== YOUR OBJECTIVE ==
Search the data for the string "lparr" and gather each line it is in.

== LISTED ENTRIES ==
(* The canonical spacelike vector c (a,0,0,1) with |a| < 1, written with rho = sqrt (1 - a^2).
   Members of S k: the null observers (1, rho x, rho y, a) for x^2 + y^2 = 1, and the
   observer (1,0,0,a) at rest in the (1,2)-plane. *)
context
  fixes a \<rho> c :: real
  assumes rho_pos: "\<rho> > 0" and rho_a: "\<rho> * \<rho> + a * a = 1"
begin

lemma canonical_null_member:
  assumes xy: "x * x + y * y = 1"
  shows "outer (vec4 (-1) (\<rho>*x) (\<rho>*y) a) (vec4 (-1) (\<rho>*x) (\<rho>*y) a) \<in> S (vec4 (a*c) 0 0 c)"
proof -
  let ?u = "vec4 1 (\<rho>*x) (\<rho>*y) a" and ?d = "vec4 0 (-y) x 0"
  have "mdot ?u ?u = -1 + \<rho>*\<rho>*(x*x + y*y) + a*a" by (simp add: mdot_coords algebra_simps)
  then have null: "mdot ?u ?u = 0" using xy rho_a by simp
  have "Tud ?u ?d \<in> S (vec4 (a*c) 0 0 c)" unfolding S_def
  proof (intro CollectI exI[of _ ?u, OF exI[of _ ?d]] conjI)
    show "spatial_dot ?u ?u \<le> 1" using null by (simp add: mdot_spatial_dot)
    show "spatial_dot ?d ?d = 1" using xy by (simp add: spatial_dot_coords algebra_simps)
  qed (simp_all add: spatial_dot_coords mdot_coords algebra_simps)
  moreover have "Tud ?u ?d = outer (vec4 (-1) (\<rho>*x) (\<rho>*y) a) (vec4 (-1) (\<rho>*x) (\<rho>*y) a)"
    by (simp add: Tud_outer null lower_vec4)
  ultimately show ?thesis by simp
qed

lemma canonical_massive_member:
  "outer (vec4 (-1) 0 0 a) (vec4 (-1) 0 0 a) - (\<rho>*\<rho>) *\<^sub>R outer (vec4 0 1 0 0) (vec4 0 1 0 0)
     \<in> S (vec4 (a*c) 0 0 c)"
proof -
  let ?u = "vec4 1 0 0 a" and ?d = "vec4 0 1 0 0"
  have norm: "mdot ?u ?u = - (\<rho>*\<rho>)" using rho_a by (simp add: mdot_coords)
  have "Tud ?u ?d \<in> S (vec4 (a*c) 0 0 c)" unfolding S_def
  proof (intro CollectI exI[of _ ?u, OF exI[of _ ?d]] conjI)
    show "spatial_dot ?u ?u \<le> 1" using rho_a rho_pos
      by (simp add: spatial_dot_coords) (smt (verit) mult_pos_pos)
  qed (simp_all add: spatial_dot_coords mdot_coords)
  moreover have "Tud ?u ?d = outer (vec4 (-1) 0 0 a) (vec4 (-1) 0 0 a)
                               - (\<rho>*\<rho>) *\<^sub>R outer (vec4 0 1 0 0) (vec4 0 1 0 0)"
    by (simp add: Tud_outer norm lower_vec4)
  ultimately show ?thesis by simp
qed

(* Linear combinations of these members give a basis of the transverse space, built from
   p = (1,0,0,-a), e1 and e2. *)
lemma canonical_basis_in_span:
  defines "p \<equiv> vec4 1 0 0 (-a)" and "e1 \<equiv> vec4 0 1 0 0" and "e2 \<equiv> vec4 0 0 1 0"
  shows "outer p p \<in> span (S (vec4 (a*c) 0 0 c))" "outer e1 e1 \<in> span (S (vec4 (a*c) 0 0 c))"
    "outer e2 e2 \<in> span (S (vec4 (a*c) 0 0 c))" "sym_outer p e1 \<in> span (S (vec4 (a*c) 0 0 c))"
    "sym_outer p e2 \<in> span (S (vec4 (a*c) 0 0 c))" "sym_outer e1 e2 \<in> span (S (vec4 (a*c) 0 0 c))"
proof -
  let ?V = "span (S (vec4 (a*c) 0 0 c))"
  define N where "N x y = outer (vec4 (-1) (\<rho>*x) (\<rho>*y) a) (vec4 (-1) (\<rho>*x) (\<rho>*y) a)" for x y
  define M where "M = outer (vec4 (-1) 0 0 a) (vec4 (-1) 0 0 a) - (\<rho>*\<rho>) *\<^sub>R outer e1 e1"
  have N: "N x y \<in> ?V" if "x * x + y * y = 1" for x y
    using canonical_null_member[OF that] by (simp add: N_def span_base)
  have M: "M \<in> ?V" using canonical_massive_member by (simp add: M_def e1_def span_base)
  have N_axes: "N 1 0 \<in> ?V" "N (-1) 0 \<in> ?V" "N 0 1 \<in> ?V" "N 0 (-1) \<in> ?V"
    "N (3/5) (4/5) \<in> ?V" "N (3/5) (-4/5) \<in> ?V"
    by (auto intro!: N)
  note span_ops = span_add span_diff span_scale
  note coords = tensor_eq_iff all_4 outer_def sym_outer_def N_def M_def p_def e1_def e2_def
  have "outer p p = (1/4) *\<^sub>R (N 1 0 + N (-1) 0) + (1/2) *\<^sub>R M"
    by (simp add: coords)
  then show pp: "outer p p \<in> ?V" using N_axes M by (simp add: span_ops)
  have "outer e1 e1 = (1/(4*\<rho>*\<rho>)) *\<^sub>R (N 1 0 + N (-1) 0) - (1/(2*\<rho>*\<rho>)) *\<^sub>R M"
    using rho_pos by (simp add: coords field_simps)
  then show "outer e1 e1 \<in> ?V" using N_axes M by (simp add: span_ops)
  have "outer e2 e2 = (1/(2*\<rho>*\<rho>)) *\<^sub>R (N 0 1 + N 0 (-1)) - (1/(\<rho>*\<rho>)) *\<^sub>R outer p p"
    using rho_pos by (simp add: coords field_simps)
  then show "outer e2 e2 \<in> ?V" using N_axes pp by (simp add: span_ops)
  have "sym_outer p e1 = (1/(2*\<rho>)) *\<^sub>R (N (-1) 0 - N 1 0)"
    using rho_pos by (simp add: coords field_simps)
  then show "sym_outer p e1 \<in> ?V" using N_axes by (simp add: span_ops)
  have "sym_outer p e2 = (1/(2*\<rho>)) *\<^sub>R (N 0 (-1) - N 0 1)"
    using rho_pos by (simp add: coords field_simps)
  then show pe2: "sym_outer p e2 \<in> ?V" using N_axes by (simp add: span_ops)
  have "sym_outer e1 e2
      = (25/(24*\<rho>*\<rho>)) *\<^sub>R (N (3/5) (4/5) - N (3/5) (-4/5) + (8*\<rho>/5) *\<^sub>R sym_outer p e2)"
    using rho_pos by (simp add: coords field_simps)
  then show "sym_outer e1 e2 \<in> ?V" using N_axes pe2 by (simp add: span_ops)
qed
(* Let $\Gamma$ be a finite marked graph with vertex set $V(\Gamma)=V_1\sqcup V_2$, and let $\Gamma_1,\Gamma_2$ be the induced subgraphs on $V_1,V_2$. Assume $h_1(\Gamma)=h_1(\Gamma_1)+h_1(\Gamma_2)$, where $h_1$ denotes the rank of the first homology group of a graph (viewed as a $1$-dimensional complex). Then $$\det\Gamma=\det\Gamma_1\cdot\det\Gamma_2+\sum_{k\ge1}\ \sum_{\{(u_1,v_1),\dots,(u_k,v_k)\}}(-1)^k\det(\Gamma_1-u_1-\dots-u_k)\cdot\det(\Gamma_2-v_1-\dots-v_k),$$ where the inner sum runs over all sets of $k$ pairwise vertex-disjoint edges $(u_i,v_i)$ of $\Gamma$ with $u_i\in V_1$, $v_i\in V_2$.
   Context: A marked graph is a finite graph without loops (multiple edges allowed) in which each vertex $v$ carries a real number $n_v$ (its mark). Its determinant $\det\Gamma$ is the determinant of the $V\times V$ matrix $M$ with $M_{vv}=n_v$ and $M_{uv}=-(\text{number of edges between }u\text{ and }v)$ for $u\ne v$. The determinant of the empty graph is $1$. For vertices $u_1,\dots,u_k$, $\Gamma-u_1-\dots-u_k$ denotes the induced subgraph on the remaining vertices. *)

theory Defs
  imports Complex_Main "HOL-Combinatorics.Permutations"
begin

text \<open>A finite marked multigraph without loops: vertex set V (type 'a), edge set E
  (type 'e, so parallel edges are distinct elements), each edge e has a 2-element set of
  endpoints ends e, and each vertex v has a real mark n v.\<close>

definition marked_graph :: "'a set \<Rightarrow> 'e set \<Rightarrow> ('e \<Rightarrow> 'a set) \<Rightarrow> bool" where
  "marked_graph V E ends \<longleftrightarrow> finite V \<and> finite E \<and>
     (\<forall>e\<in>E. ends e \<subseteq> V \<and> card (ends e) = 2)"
---
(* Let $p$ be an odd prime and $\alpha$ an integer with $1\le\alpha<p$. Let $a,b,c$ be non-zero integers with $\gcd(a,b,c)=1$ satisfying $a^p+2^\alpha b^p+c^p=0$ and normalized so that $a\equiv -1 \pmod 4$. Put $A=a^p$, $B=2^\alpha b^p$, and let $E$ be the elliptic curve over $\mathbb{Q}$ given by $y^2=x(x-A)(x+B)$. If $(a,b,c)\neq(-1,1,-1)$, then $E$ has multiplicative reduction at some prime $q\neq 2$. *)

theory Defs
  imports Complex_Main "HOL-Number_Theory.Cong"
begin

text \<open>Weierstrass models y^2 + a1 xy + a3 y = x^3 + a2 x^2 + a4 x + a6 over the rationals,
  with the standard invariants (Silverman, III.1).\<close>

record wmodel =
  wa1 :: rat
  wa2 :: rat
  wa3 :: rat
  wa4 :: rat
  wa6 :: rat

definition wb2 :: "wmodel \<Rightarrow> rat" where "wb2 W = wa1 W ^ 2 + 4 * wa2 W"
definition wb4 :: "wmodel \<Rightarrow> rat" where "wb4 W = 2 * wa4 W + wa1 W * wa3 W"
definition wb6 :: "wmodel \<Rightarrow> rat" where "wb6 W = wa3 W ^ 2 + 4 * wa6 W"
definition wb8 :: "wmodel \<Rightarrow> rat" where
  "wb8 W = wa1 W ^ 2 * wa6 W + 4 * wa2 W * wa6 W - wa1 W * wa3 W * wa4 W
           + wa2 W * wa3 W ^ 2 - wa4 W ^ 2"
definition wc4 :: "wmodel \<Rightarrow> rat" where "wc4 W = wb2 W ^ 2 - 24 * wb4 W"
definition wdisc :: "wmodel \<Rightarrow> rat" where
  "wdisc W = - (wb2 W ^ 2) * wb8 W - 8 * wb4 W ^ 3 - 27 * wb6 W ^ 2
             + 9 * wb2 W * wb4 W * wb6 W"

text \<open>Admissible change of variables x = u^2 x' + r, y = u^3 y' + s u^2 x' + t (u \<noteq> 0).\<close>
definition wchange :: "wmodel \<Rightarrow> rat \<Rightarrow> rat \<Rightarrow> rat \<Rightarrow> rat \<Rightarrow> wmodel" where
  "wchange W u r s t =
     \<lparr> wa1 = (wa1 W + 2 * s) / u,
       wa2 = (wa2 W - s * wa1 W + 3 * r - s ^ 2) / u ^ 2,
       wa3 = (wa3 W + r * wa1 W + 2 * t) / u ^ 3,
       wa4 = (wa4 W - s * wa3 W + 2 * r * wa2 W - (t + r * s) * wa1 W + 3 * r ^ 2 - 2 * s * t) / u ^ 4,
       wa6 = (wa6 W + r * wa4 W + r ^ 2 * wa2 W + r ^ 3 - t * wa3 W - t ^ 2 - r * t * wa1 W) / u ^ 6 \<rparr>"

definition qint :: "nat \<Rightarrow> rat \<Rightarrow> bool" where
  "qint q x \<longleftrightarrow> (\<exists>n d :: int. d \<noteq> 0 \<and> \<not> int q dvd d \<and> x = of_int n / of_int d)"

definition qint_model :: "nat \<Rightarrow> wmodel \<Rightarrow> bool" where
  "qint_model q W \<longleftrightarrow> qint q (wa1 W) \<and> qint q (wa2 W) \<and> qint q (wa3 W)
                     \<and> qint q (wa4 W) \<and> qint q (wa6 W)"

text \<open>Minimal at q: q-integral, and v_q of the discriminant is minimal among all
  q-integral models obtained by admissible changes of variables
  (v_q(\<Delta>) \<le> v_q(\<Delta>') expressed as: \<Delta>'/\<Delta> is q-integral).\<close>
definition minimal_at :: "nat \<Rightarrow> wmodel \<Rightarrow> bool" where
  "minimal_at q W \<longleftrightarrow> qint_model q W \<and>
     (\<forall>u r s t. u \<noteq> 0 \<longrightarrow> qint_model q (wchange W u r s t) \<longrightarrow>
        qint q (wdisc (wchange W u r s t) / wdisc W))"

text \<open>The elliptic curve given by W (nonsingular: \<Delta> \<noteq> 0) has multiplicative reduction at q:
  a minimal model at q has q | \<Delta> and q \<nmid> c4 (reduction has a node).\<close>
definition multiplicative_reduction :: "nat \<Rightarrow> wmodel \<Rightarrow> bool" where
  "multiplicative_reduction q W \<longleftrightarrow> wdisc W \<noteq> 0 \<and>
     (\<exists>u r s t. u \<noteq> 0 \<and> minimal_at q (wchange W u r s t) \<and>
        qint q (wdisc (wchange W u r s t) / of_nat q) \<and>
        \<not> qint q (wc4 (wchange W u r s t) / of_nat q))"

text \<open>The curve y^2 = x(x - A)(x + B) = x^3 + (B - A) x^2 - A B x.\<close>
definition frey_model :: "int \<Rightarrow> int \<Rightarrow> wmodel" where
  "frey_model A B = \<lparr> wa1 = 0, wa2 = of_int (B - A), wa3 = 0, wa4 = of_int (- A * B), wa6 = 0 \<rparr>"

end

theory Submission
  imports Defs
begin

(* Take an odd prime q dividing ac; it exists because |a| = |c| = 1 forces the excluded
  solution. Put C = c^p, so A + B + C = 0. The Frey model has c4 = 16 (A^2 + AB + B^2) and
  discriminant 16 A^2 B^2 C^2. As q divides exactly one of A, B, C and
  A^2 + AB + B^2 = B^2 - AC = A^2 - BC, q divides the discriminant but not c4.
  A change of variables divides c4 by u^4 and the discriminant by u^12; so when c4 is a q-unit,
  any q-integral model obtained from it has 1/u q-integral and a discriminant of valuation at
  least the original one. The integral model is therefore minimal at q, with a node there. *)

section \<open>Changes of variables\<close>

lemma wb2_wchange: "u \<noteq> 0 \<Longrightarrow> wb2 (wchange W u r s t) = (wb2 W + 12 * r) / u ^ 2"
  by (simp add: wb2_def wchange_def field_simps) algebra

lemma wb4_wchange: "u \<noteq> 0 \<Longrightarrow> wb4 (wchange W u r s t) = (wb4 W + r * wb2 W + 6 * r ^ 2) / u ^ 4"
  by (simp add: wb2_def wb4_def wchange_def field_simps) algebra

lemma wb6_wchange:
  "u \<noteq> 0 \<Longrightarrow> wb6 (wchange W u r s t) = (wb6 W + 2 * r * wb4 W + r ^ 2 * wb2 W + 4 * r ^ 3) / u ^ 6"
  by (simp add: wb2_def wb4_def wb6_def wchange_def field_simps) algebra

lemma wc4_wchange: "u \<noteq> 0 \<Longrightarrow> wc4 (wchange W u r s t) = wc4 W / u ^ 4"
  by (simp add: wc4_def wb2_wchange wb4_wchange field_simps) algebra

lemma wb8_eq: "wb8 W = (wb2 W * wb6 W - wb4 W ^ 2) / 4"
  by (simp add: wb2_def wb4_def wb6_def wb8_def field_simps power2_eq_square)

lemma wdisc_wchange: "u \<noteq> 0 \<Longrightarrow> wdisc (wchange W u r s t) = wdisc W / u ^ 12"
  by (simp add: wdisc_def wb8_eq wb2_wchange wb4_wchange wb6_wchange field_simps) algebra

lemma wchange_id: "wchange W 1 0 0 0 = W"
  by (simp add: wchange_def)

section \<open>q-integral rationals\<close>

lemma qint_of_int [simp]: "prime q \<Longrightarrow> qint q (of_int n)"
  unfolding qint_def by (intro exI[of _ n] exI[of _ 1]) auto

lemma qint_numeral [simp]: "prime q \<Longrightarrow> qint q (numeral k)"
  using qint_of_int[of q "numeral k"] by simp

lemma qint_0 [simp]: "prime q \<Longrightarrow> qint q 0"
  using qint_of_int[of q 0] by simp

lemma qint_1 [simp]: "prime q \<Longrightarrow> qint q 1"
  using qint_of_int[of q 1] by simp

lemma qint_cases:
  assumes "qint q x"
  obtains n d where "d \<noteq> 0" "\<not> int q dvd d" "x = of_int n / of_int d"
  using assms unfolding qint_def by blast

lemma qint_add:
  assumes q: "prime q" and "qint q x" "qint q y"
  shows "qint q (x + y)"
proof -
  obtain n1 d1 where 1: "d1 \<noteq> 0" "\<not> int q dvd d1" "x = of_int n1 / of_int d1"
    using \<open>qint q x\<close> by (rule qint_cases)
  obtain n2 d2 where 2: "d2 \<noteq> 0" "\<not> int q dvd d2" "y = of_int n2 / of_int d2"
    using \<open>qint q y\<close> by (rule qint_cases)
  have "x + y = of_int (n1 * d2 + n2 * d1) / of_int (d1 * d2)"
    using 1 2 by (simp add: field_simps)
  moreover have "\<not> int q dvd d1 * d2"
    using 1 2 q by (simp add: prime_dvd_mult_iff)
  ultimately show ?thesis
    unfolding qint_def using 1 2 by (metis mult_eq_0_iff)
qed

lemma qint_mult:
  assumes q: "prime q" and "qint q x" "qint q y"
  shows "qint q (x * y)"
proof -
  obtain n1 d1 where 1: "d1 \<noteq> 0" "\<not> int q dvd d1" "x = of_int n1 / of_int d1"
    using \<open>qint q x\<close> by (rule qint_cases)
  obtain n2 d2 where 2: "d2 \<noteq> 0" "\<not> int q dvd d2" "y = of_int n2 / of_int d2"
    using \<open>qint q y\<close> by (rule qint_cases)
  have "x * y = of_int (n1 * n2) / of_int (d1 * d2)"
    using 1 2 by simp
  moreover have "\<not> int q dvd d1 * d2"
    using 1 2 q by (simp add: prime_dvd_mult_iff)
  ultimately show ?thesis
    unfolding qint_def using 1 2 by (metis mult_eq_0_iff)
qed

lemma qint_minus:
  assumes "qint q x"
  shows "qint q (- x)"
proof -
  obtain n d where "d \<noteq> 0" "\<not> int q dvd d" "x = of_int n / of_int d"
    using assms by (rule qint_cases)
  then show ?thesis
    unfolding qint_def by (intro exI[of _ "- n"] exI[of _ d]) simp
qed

== TASK RESULT ==
     \<lparr> wa1 = (wa1 W + 2 * s) / u,
  "frey_model A B = \<lparr> wa1 = 0, wa2 = of_int (B - A), wa3 = 0, wa4 = of_int (- A * B), wa6 = 0 \<rparr>"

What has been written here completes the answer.